[[ MATERIAL FOR THE TASK open ]]

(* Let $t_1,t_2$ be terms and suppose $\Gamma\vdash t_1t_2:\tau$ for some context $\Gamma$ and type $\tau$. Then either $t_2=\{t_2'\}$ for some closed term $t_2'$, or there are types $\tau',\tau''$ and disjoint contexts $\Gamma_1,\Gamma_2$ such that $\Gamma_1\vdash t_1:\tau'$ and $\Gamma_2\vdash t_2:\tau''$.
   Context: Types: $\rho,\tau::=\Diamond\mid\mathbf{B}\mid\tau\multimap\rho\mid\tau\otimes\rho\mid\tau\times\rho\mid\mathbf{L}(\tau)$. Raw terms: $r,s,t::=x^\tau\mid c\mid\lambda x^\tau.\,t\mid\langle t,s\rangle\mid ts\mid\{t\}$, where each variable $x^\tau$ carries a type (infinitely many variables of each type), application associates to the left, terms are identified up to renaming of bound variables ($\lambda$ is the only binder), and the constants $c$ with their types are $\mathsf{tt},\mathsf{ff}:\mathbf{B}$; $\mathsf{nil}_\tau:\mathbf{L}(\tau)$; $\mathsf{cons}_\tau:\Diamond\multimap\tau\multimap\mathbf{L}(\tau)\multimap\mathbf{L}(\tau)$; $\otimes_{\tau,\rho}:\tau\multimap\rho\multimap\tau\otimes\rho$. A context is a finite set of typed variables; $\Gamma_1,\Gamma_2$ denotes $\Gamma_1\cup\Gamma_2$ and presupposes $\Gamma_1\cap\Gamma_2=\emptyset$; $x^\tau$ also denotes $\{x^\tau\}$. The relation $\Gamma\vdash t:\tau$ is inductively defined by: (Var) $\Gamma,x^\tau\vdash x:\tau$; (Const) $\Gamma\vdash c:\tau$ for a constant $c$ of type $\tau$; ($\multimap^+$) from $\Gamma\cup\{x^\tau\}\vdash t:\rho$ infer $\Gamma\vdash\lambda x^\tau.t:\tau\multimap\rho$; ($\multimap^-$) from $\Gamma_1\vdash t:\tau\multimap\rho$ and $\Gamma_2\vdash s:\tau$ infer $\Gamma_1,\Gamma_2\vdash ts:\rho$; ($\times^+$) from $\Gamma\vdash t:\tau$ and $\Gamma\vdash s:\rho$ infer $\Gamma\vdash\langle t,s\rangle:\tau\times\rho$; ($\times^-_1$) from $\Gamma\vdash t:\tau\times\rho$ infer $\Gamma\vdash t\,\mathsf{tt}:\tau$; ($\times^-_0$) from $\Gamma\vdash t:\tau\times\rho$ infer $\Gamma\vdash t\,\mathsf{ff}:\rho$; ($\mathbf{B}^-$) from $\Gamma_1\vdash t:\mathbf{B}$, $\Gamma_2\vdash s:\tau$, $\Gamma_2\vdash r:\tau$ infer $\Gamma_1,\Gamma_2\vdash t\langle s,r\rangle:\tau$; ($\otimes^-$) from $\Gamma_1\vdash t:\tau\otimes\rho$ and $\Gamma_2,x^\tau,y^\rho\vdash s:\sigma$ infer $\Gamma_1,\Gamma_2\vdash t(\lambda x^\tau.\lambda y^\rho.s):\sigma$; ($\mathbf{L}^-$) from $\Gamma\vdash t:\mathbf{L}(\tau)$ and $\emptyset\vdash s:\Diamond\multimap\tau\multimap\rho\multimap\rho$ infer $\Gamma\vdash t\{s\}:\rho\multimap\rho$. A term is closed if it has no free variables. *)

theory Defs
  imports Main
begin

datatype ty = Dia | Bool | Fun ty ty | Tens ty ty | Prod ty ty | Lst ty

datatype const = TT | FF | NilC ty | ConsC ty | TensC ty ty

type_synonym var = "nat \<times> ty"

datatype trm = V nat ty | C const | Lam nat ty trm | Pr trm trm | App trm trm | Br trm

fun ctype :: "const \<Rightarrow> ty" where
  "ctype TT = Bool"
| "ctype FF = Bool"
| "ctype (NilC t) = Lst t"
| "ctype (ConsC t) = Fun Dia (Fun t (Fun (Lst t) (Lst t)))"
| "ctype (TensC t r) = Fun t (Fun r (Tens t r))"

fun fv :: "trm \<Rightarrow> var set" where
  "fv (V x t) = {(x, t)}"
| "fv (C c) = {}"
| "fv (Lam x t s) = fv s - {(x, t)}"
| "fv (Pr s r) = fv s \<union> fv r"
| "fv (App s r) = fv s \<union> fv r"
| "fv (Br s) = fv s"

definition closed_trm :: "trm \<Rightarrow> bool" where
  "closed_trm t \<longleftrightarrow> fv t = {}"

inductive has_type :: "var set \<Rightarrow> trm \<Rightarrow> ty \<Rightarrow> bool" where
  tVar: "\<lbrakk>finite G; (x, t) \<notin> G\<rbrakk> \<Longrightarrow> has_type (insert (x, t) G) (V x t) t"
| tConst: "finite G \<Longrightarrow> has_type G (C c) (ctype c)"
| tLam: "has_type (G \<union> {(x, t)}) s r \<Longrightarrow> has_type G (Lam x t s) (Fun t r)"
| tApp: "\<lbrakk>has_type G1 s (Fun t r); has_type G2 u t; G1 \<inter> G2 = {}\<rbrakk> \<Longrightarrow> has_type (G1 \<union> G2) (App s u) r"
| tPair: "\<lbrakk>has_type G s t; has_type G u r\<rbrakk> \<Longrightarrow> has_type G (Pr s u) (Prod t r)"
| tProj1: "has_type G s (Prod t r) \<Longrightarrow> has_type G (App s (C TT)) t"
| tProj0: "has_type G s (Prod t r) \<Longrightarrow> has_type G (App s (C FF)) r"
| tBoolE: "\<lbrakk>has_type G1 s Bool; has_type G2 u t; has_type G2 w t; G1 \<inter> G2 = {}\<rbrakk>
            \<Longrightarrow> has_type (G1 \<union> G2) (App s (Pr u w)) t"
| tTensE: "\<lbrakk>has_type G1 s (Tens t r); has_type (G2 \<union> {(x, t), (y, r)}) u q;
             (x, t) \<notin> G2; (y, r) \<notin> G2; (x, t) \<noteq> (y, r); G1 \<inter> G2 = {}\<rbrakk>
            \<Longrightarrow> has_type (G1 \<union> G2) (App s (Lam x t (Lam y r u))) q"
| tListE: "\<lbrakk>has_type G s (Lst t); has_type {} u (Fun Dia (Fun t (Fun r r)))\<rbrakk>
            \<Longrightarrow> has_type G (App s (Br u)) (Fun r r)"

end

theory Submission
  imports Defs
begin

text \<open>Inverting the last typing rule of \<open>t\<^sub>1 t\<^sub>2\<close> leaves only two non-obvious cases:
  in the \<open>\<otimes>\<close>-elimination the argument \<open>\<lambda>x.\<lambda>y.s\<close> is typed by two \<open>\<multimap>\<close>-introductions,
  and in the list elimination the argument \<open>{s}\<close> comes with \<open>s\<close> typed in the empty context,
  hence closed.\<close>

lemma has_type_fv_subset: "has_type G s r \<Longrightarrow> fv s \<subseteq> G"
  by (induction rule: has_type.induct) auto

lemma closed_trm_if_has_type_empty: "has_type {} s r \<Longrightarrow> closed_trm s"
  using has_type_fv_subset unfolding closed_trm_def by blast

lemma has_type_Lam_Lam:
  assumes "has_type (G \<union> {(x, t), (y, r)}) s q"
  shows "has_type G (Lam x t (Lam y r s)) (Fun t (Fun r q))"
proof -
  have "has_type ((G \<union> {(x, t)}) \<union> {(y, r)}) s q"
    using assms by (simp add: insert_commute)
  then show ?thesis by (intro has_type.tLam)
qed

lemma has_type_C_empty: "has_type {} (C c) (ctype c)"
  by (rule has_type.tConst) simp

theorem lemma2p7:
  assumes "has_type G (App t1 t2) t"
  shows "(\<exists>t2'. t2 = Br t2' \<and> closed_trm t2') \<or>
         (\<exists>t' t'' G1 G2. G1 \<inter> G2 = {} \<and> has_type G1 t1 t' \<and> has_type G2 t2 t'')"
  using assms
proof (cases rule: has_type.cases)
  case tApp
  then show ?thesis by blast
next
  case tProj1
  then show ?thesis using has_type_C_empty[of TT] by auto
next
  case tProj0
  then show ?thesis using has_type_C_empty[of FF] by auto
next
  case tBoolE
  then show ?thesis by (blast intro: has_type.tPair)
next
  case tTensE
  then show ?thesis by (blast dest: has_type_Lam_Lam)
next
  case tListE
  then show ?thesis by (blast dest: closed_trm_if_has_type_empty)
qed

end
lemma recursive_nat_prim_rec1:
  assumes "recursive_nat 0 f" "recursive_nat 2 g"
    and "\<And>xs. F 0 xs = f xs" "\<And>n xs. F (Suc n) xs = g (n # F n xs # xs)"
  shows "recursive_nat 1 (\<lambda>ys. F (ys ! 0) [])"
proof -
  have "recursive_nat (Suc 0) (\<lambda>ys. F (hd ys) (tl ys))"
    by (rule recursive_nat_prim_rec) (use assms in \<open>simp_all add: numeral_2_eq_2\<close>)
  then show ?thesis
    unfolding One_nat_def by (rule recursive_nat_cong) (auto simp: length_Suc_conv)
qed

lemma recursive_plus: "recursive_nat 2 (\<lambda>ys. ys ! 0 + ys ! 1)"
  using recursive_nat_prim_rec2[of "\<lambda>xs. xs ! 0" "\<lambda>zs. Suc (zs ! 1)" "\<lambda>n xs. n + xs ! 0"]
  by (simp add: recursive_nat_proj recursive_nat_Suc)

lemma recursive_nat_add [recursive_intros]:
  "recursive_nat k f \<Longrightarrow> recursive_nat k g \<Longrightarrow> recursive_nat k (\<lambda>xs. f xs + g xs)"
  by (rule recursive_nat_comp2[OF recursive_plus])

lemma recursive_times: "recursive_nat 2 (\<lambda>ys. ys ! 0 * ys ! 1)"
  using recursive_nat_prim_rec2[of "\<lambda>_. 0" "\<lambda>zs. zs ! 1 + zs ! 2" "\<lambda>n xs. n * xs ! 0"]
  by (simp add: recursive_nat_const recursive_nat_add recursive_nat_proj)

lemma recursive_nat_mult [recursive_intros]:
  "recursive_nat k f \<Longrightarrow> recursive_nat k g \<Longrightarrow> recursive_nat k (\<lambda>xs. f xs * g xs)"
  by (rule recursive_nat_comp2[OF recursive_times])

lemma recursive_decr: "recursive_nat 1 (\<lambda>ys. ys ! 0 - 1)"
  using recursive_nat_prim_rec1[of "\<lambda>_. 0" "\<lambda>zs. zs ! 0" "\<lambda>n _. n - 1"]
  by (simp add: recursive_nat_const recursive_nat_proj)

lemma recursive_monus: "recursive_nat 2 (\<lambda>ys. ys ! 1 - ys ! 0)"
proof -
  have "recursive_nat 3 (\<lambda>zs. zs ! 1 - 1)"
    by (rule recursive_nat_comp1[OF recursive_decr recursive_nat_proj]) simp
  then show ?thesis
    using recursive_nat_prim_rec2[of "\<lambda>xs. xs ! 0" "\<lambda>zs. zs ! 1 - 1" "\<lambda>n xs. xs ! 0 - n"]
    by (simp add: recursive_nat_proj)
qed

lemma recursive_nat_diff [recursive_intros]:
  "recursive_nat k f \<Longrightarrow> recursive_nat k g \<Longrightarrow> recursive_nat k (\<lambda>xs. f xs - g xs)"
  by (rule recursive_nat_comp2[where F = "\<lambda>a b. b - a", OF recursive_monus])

[[ MATERIAL FOR THE TASK closed ]]

__TASK DETAILS__:
Report, for the data above, every line in which the string "thesis" appears.

__SOLUTION BELOW__:
  then show ?thesis by (intro has_type.tLam)
  then show ?thesis by blast
  then show ?thesis using has_type_C_empty[of TT] by auto
  then show ?thesis using has_type_C_empty[of FF] by auto
  then show ?thesis by (blast intro: has_type.tPair)
  then show ?thesis by (blast dest: has_type_Lam_Lam)
  then show ?thesis by (blast dest: closed_trm_if_has_type_empty)
  then show ?thesis
  then show ?thesis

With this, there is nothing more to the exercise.